A Brief & Partial History of Skinheads In Punk
Last week on Sing For Science, Dropkick Murphys singer Ken Casey talked with Dr. Phillip Atiba Solomon about the band’s song “Citizen I.C.E.” and how music can push against (or for) dehumanization. Being in the punk scene for decades, Casey delivered a lesson on punk rock subculture: from the ‘60s to the White House.
Neo-Nazi skinheads in the punk scene were once—surprise, surprise—disenfranchised white working-class youth, ultimately weaponized by the far-right UK political party, the National Front. In the late 1960s, skinhead culture emerged in London when Jamaican immigrants introduced young Britons to ska, rocksteady, and early reggae. Ironically, what would later become associated with white supremacy was, at its core, multiracial.
Culture is as fluid as it is porous and as economic strain intensified in the 1970s, political groups began to recognize that youth culture was ripe for exploitation. The National Front seized that opportunity, recruiting within punk and skinhead scenes, targeting young people already searching for belonging. Shows became not just cultural gatherings, but recruiting grounds.
What had been built around shared musical influence and community—the same inclusive inertia that, when left untouched, allows cultures to commingle and blend—was, in part, redirected toward exclusionary politics. Not entirely, and not without resistance in the punk scene, but enough to reshape how all skinheads were seen, both from within and without.
This pattern of fracture and division isn’t unique to one place or one moment, and Casey has had a front-row seat as present-day politics have divided his band’s mostly working-class fan base over the last ten years.

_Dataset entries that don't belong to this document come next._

lemma sum_prod_S_set_lower:
  fixes h :: "nat \<Rightarrow> nat \<Rightarrow> 'a::comm_semiring_1"
  assumes h0: "\<And>j. h j 0 = 1" and "1 \<le> l" "l \<le> r"
  shows "(\<Sum>ns\<in>{ns\<in>S_set r. 0 < ns ! (l - 1)}. \<Prod>j<r. h j (ns[l - 1 := ns ! (l - 1) - 1] ! j)) =
    (\<Sum>k=l..r. (\<Sum>p\<in>S_set (k - 1). \<Prod>j<k - 1. h j (p ! j)) *
               (\<Sum>q\<in>S_set (r - k). \<Prod>j<r - k. h (k + j) (q ! j)))"
proof -
  let ?H = "\<lambda>ms. \<Prod>j<r. h j (ms ! j)"
  have "(\<Sum>ns\<in>{ns\<in>S_set r. 0 < ns ! (l - 1)}. ?H (ns[l - 1 := ns ! (l - 1) - 1])) =
      (\<Sum>ms\<in>S_set_lowered l r. ?H ms)"
    by (rule sum_S_set_lower[OF assms(2,3)])
  also have "\<dots> = (\<Sum>(k, p, q)\<in>(SIGMA k:{l..r}. S_set (k - 1) \<times> S_set (r - k)). ?H (p @ 0 # q))"
    by (rule sum_S_set_lowered_split[OF assms(2,3), symmetric])
  also have "\<dots> = (\<Sum>(k, p, q)\<in>(SIGMA k:{l..r}. S_set (k - 1) \<times> S_set (r - k)).
      (\<Prod>j<k - 1. h j (p ! j)) * (\<Prod>j<r - k. h (k + j) (q ! j)))"
  proof (rule sum.cong[OF refl], clarify)
    fix k p q assume "k \<in> {l..r}" "p \<in> S_set (k - 1)" "q \<in> S_set (r - k)"
    then have "length p = k - 1" "length q = r - k" "length (p @ 0 # q) = r" "Suc (k - 1) = k"
      using assms(2) by (auto simp: length_S_set)
    then show "?H (p @ 0 # q) = (\<Prod>j<k - 1. h j (p ! j)) * (\<Prod>j<r - k. h (k + j) (q ! j))"
      using prod_append_Cons[of h p 0 q] h0 by simp
  qed
  also have "\<dots> = (\<Sum>k=l..r. \<Sum>(p, q)\<in>S_set (k - 1) \<times> S_set (r - k).
      (\<Prod>j<k - 1. h j (p ! j)) * (\<Prod>j<r - k. h (k + j) (q ! j)))"
    by (subst sum.Sigma) (auto simp: finite_S_set)
  also have "\<dots> = (\<Sum>k=l..r. (\<Sum>p\<in>S_set (k - 1). \<Prod>j<k - 1. h j (p ! j)) *
      (\<Sum>q\<in>S_set (r - k). \<Prod>j<r - k. h (k + j) (q ! j)))"
    by (simp add: sum_product sum.cartesian_product)
  finally show ?thesis .
qed

subsection \<open>Derivatives for an Appell family\<close>

definition C1_appell :: "(nat \<Rightarrow> real \<Rightarrow> real) \<Rightarrow> real list \<Rightarrow> real" where
  "C1_appell f as = (\<Sum>ns\<in>S_set (length as). \<Prod>j<length as. f (ns ! j) (as ! j))"

locale appell_family =
  fixes f :: "nat \<Rightarrow> real \<Rightarrow> real"
  assumes f_0: "f 0 t = 1"
    and has_real_derivative_f_Suc: "(f (Suc n) has_real_derivative f n t) (at t)"
begin

lemma has_real_derivative_prod_f:
  assumes u: "\<And>j. j < length ns \<Longrightarrow> (u j has_real_derivative u' j) (at t)"
  shows "((\<lambda>t. \<Prod>j<length ns. f (ns ! j) (u j t)) has_real_derivative
      (\<Sum>i<length ns. u' i *
         (if 0 < ns ! i then \<Prod>j<length ns. f (ns[i := ns ! i - 1] ! j) (u j t) else 0))) (at t)"
proof -
  define f' where "f' i = (if ns ! i = 0 then 0 else f (ns ! i - 1) (u i t) * u' i)" for i
  have lowered: "f' i * (\<Prod>j\<in>{..<length ns} - {i}. f (ns ! j) (u j t)) =
      u' i * (if 0 < ns ! i then \<Prod>j<length ns. f (ns[i := ns ! i - 1] ! j) (u j t) else 0)"
    if "i < length ns" for i
  proof -
    have "(\<Prod>j<length ns. f (ns[i := ns ! i - 1] ! j) (u j t)) =
        f (ns ! i - 1) (u i t) * (\<Prod>j\<in>{..<length ns} - {i}. f (ns ! j) (u j t))"
      using that by (subst prod.remove[of _ i]) (auto intro!: prod.cong)
    then show ?thesis
      unfolding f'_def by simp
  qed
  have "((\<lambda>t. \<Prod>j<length ns. f (ns ! j) (u j t)) has_real_derivative
      (\<Sum>i<length ns. f' i * (\<Prod>j\<in>{..<length ns} - {i}. f (ns ! j) (u j t)))) (at t)"
  proof (rule has_field_derivative_prod)
    fix i assume i: "i \<in> {..<length ns}"
    show "((\<lambda>t. f (ns ! i) (u i t)) has_real_derivative f' i) (at t)"
    proof (cases "ns ! i")
      case 0
      then show ?thesis
        unfolding f'_def by (simp add: f_0)
    next
      case (Suc m)
      then show ?thesis
        using DERIV_chain2[OF has_real_derivative_f_Suc u] i unfolding f'_def by simp
    qed
  qed
  also have "(\<Sum>i<length ns. f' i * (\<Prod>j\<in>{..<length ns} - {i}. f (ns ! j) (u j t))) =
      (\<Sum>i<length ns. u' i *
         (if 0 < ns ! i then \<Prod>j<length ns. f (ns[i := ns ! i - 1] ! j) (u j t) else 0))"
    using lowered by (intro sum.cong) auto
  finally show ?thesis .
qed

lemma sum_lowered_prod_f_eq:
  assumes "1 \<le> l" "l \<le> length as"
  shows "(\<Sum>ns\<in>{ns\<in>S_set (length as). 0 < ns ! (l - 1)}.
      \<Prod>j<length as. f (ns[l - 1 := ns ! (l - 1) - 1] ! j) (as ! j)) =
    (\<Sum>k=l..length as. C1_appell f (take (k - 1) as) * C1_appell f (drop k as))"
  unfolding sum_prod_S_set_lower[where h = "\<lambda>j n. f n (as ! j)", OF f_0 assms]
  using assms by (intro sum.cong refl arg_cong2[where f = times]) (auto simp: C1_appell_def)

lemma has_real_derivative_C1_appell_update:
  assumes "1 \<le> l" "l \<le> length as"
  shows "((\<lambda>t. C1_appell f (as[l - 1 := t])) has_real_derivative
      (\<Sum>k=l..length as. C1_appell f (take (k - 1) as) * C1_appell f (drop k as))) (at (as ! (l - 1)))"
proof -
  define r where "r = length as"
  let ?lower = "\<lambda>ns. ns[l - 1 := ns ! (l - 1) - 1]"
  have "((\<lambda>t. \<Prod>j<r. f (ns ! j) (as[l - 1 := t] ! j)) has_real_derivative
      (if 0 < ns ! (l - 1) then \<Prod>j<r. f (?lower ns ! j) (as ! j) else 0)) (at (as ! (l - 1)))"
    if "ns \<in> S_set r" for ns
  proof -
    have len: "length ns = r"
      using that by (rule length_S_set)
    have u: "((\<lambda>t. as[l - 1 := t] ! j) has_real_derivative (if j = l - 1 then 1 else 0)) (at t)" for j t
      using assms by (cases "j = l - 1") auto
    have "((\<lambda>t. \<Prod>j<r. f (ns ! j) (as[l - 1 := t] ! j)) has_real_derivative
        (\<Sum>i<r. (if i = l - 1 then 1 else 0) *
           (if 0 < ns ! i then \<Prod>j<r. f (ns[i := ns ! i - 1] ! j) (as ! j) else 0))) (at (as ! (l - 1)))"
      using has_real_derivative_prod_f[where t = "as ! (l - 1)" and ns = ns, OF u]
      unfolding len list_update_id .
    also have "(\<Sum>i<r. (if i = l - 1 then 1 else 0) *
           (if 0 < ns ! i then \<Prod>j<r. f (ns[i := ns ! i - 1] ! j) (as ! j) else 0)) =
        (if 0 < ns ! (l - 1) then \<Prod>j<r. f (?lower ns ! j) (as ! j) else 0)"
      using assms unfolding r_def by (simp add: if_distrib[of "\<lambda>x. x * _"] sum.delta cong: if_cong)
    finally show ?thesis .
  qed
  then have "((\<lambda>t. C1_appell f (as[l - 1 := t])) has_real_derivative
      (\<Sum>ns\<in>S_set r. if 0 < ns ! (l - 1) then \<Prod>j<r. f (?lower ns ! j) (as ! j) else 0))
      (at (as ! (l - 1)))"
    unfolding C1_appell_def length_list_update r_def[symmetric] by (rule DERIV_sum)
  also have "(\<Sum>ns\<in>S_set r. if 0 < ns ! (l - 1) then \<Prod>j<r. f (?lower ns ! j) (as ! j) else 0) =
      (\<Sum>k=l..length as. C1_appell f (take (k - 1) as) * C1_appell f (drop k as))"
    unfolding sum_lowered_prod_f_eq[OF assms, symmetric] r_def
    by (rule sum.inter_filter[OF finite_S_set, symmetric])
  finally show ?thesis .
qed

lemma has_real_derivative_C1_appell_replicate:
  "((\<lambda>t. C1_appell f (replicate r t)) has_real_derivative
      (\<Sum>l=1..r. \<Sum>k=l..r. C1_appell f (replicate (k - 1) a) * C1_appell f (replicate (r - k) a))) (at a)"
proof -
  let ?lowered = "\<lambda>ns i. \<Prod>j<r. f (ns[i := ns ! i - 1] ! j) a"
  have "((\<lambda>t. C1_appell f (replicate r t)) has_real_derivative
      (\<Sum>ns\<in>S_set r. \<Sum>i<r. if 0 < ns ! i then ?lowered ns i else 0)) (at a)"
    unfolding C1_appell_def length_replicate
  proof (rule DERIV_sum)
    fix ns assume ns: "ns \<in> S_set r"
    have "(\<lambda>t. \<Prod>j<r. f (ns ! j) (replicate r t ! j)) = (\<lambda>t. \<Prod>j<r. f (ns ! j) t)"
      by (auto intro!: prod.cong)
    then show "((\<lambda>t. \<Prod>j<r. f (ns ! j) (replicate r t ! j)) has_real_derivative
        (\<Sum>i<r. if 0 < ns ! i then ?lowered ns i else 0)) (at a)"
      using has_real_derivative_prod_f[of ns "\<lambda>_ t. t" "\<lambda>_. 1" a] unfolding length_S_set[OF ns] by simp
  qed
  also have "(\<Sum>ns\<in>S_set r. \<Sum>i<r. if 0 < ns ! i then ?lowered ns i else 0) =
      (\<Sum>l=1..r. \<Sum>ns\<in>{ns\<in>S_set r. 0 < ns ! (l - 1)}. ?lowered ns (l - 1))"
    by (subst sum.swap) (simp add: sum.inter_filter[OF finite_S_set] sum.atLeast1_atMost_eq cong: if_cong)
  also have "\<dots> = (\<Sum>l=1..r. \<Sum>k=l..r.
      C1_appell f (replicate (k - 1) a) * C1_appell f (replicate (r - k) a))"
  proof (rule sum.cong[OF refl])
    fix l assume "l \<in> {1..r}"
    then show "(\<Sum>ns\<in>{ns\<in>S_set r. 0 < ns ! (l - 1)}. ?lowered ns (l - 1)) =
        (\<Sum>k=l..r. C1_appell f (replicate (k - 1) a) * C1_appell f (replicate (r - k) a))"
      using sum_lowered_prod_f_eq[of l "replicate r a"]
      by (auto intro!: sum.cong simp: min_def)
  qed
  finally show ?thesis .
qed

end

interpretation bernpoly_appell: appell_family bernpoly_div_fact
proof
  show "bernpoly_div_fact 0 t = 1" for t
    by (simp add: bernpoly_0)
  show "(bernpoly_div_fact (Suc n) has_real_derivative bernpoly_div_fact n t) (at t)" for n t
    by (rule has_real_derivative_bernpoly_div_fact)
qed

lemma C1_eq_C1_appell: "C1 as = (-1) ^ length as * C1_appell bernpoly_div_fact as"
  unfolding C1_def C1_appell_def ..

lemma C1_mult_C1_eq:
  assumes "1 \<le> k" "k \<le> r" "length xs = k - 1" "length ys = r - k"
  shows "C1 xs * C1 ys = - ((-1) ^ r * (C1_appell bernpoly_div_fact xs * C1_appell bernpoly_div_fact ys))"
proof -
  have "r = Suc ((k - 1) + (r - k))"
    using assms(1,2) by simp
  then have "(-1::real) ^ r = - ((-1) ^ (k - 1) * (-1) ^ (r - k))"
    by (metis power_Suc power_add mult_minus1)
  then show ?thesis
    unfolding C1_eq_C1_appell assms(3,4) by simp
qed

lemma has_real_derivative_C1_update:
  assumes "1 \<le> l" "l \<le> length as"
  shows "((\<lambda>t. C1 (as[l - 1 := t])) has_real_derivative
      - (\<Sum>k=l..length as. C1 (take (k - 1) as) * C1 (drop k as))) (at (as ! (l - 1)))"
proof -
  have "- (\<Sum>k=l..length as. C1 (take (k - 1) as) * C1 (drop k as)) = (-1) ^ length as *
      (\<Sum>k=l..length as. C1_appell bernpoly_div_fact (take (k - 1) as) *
                         C1_appell bernpoly_div_fact (drop k as))"
  proof -
    have "C1 (take (k - 1) as) * C1 (drop k as) = - ((-1) ^ length as *
        (C1_appell bernpoly_div_fact (take (k - 1) as) * C1_appell bernpoly_div_fact (drop k as)))"
      if "k \<in> {l..length as}" for k
      using that assms by (intro C1_mult_C1_eq) auto
    then show ?thesis
      by (simp add: sum_distrib_left flip: sum_negf)
  qed
  then show ?thesis
    unfolding C1_eq_C1_appell length_list_update
    using DERIV_cmult[OF bernpoly_appell.has_real_derivative_C1_appell_update[OF assms]] by simp
qed

lemma has_real_derivative_C1diag:
  "(C1diag r has_real_derivative
      - (\<Sum>l=1..r. \<Sum>k=l..r. C1diag (k - 1) a * C1diag (r - k) a)) (at a)"
proof -
  have "- (\<Sum>l=1..r. \<Sum>k=l..r. C1diag (k - 1) a * C1diag (r - k) a) = (-1) ^ r *
      (\<Sum>l=1..r. \<Sum>k=l..r. C1_appell bernpoly_div_fact (replicate (k - 1) a) *
                            C1_appell bernpoly_div_fact (replicate (r - k) a))"
  proof -
    have "(\<Sum>l=1..r. \<Sum>k=l..r. C1 (replicate (k - 1) a) * C1 (replicate (r - k) a)) =
        (\<Sum>l=1..r. \<Sum>k=l..r. - ((-1) ^ r * (C1_appell bernpoly_div_fact (replicate (k - 1) a) *
                                              C1_appell bernpoly_div_fact (replicate (r - k) a))))"
      by (intro sum.cong refl C1_mult_C1_eq) auto
    then show ?thesis
      unfolding C1diag_def by (simp add: sum_distrib_left flip: sum_negf)
  qed
  moreover have "C1diag r = (\<lambda>t. (-1) ^ r * C1_appell bernpoly_div_fact (replicate r t))"
    unfolding C1diag_def C1_eq_C1_appell by simp
  ultimately show ?thesis
    using DERIV_cmult[OF bernpoly_appell.has_real_derivative_C1_appell_replicate] by simp
qed

lemma sum_triangle_atLeastAtMost:
  fixes g :: "nat \<Rightarrow> 'a::comm_semiring_1"
  shows "(\<Sum>l=1..r. \<Sum>k=l..r. g k) = (\<Sum>k=1..r. of_nat k * g k)"
proof (induction r)
  case (Suc r)
  have "(\<Sum>l=1..Suc r. \<Sum>k=l..Suc r. g k) = (\<Sum>l=1..r. \<Sum>k=l..Suc r. g k) + g (Suc r)"
    by simp
  also have "(\<Sum>l=1..r. \<Sum>k=l..Suc r. g k) = (\<Sum>l=1..r. (\<Sum>k=l..r. g k) + g (Suc r))"
    by (intro sum.cong refl) simp
  also have "\<dots> = (\<Sum>k=1..r. of_nat k * g k) + of_nat r * g (Suc r)"
    using Suc by (simp add: sum.distrib)
  finally show ?case
    by (simp add: algebra_simps)
qed simp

Casey says, “Of course, that spread to America. And you had the real punk rockers and real skinheads who were mortal enemy number one, racist skinheads, because it made them look bad… Our shows in the early days were the meeting spots for those two groups to the fight, and they were also the meeting spots for, sometimes when we were loading in our gear for the Nazis to show up.”
Dropkick Murphy’s new song, “Citizen I.C.E.,” is not unrelated. It’s about systems that create an “us” and “them” mentality. How dangerous things can become when those categories begin to calcify. You don’t have to look beyond punk itself to see how it happens. The history of skinhead culture offers a case study in how music builds community, community shapes identity, and identity can be co-opted.
“Now I say to people when they talk about Nazis in the scene, I go, they're not in the music scene anymore. We're small potatoes,” said Casey. “They're on college campuses, they're in the White House. They don't have to bother with disenfranchized youth in a punk rock show anymore.”
The groups that targeted these youth movements didn’t create something new from nothing. They stepped into an existing network of trust, built through music, style, and shared experience, then repurposed it.